# Records for this task:
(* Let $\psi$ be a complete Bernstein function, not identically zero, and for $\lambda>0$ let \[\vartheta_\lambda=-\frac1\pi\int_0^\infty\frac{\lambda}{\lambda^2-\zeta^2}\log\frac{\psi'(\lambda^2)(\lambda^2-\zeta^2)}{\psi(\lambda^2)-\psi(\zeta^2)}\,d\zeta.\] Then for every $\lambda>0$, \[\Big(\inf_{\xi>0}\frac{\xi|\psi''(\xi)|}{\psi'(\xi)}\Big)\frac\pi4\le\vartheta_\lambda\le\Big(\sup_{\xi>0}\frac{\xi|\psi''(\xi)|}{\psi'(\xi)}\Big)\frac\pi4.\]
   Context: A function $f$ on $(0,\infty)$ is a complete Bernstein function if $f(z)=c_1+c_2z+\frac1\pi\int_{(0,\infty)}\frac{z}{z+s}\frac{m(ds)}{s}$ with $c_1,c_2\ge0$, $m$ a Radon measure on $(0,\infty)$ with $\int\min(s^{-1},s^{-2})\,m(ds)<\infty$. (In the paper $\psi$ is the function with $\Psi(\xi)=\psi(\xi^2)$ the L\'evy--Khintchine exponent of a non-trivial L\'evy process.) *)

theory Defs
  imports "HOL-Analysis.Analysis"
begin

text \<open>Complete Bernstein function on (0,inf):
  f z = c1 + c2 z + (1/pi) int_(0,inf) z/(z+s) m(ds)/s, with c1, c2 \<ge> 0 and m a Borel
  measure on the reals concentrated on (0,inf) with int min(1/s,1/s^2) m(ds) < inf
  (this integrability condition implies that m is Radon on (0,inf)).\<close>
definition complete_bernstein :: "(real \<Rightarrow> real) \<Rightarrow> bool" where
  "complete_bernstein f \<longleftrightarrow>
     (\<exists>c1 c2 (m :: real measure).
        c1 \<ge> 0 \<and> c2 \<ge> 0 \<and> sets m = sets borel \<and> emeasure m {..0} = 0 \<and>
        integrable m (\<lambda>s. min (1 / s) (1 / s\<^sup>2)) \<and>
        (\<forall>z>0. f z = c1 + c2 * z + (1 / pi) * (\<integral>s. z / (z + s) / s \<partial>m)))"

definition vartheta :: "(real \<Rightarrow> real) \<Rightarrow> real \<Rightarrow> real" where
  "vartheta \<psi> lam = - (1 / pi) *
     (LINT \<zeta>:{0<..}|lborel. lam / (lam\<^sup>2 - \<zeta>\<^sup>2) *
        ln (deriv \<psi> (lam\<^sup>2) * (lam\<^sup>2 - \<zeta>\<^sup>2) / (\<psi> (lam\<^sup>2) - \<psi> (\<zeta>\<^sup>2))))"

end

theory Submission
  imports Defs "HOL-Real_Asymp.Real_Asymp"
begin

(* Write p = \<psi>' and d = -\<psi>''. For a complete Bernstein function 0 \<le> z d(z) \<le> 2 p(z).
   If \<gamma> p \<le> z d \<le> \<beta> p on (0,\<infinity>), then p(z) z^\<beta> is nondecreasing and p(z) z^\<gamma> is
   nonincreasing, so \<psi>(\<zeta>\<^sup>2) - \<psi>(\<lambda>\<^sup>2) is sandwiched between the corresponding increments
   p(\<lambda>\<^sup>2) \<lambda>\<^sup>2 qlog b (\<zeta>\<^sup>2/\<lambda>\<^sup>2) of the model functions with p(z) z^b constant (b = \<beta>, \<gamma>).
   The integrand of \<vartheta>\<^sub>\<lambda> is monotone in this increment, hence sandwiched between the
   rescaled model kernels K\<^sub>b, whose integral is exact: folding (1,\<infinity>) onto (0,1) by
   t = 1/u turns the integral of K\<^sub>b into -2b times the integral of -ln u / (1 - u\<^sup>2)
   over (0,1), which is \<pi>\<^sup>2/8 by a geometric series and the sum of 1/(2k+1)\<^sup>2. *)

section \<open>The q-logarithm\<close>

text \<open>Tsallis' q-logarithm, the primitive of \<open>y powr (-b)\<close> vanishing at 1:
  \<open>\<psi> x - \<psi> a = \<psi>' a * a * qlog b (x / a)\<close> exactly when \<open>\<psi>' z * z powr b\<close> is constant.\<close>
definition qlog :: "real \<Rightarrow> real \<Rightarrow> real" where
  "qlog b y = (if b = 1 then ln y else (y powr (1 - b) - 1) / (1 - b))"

# Task details:
The expected output is a verbatim retyping of each line from the one with "If \<gamma> p" to the end of the listing above, with both end lines kept and nothing added.

# Your response:
   If \<gamma> p \<le> z d \<le> \<beta> p on (0,\<infinity>), then p(z) z^\<beta> is nondecreasing and p(z) z^\<gamma> is
   nonincreasing, so \<psi>(\<zeta>\<^sup>2) - \<psi>(\<lambda>\<^sup>2) is sandwiched between the corresponding increments
   p(\<lambda>\<^sup>2) \<lambda>\<^sup>2 qlog b (\<zeta>\<^sup>2/\<lambda>\<^sup>2) of the model functions with p(z) z^b constant (b = \<beta>, \<gamma>).
   The integrand of \<vartheta>\<^sub>\<lambda> is monotone in this increment, hence sandwiched between the
   rescaled model kernels K\<^sub>b, whose integral is exact: folding (1,\<infinity>) onto (0,1) by
   t = 1/u turns the integral of K\<^sub>b into -2b times the integral of -ln u / (1 - u\<^sup>2)
   over (0,1), which is \<pi>\<^sup>2/8 by a geometric series and the sum of 1/(2k+1)\<^sup>2. *)

section \<open>The q-logarithm\<close>

text \<open>Tsallis' q-logarithm, the primitive of \<open>y powr (-b)\<close> vanishing at 1:
  \<open>\<psi> x - \<psi> a = \<psi>' a * a * qlog b (x / a)\<close> exactly when \<open>\<psi>' z * z powr b\<close> is constant.\<close>
definition qlog :: "real \<Rightarrow> real \<Rightarrow> real" where
  "qlog b y = (if b = 1 then ln y else (y powr (1 - b) - 1) / (1 - b))"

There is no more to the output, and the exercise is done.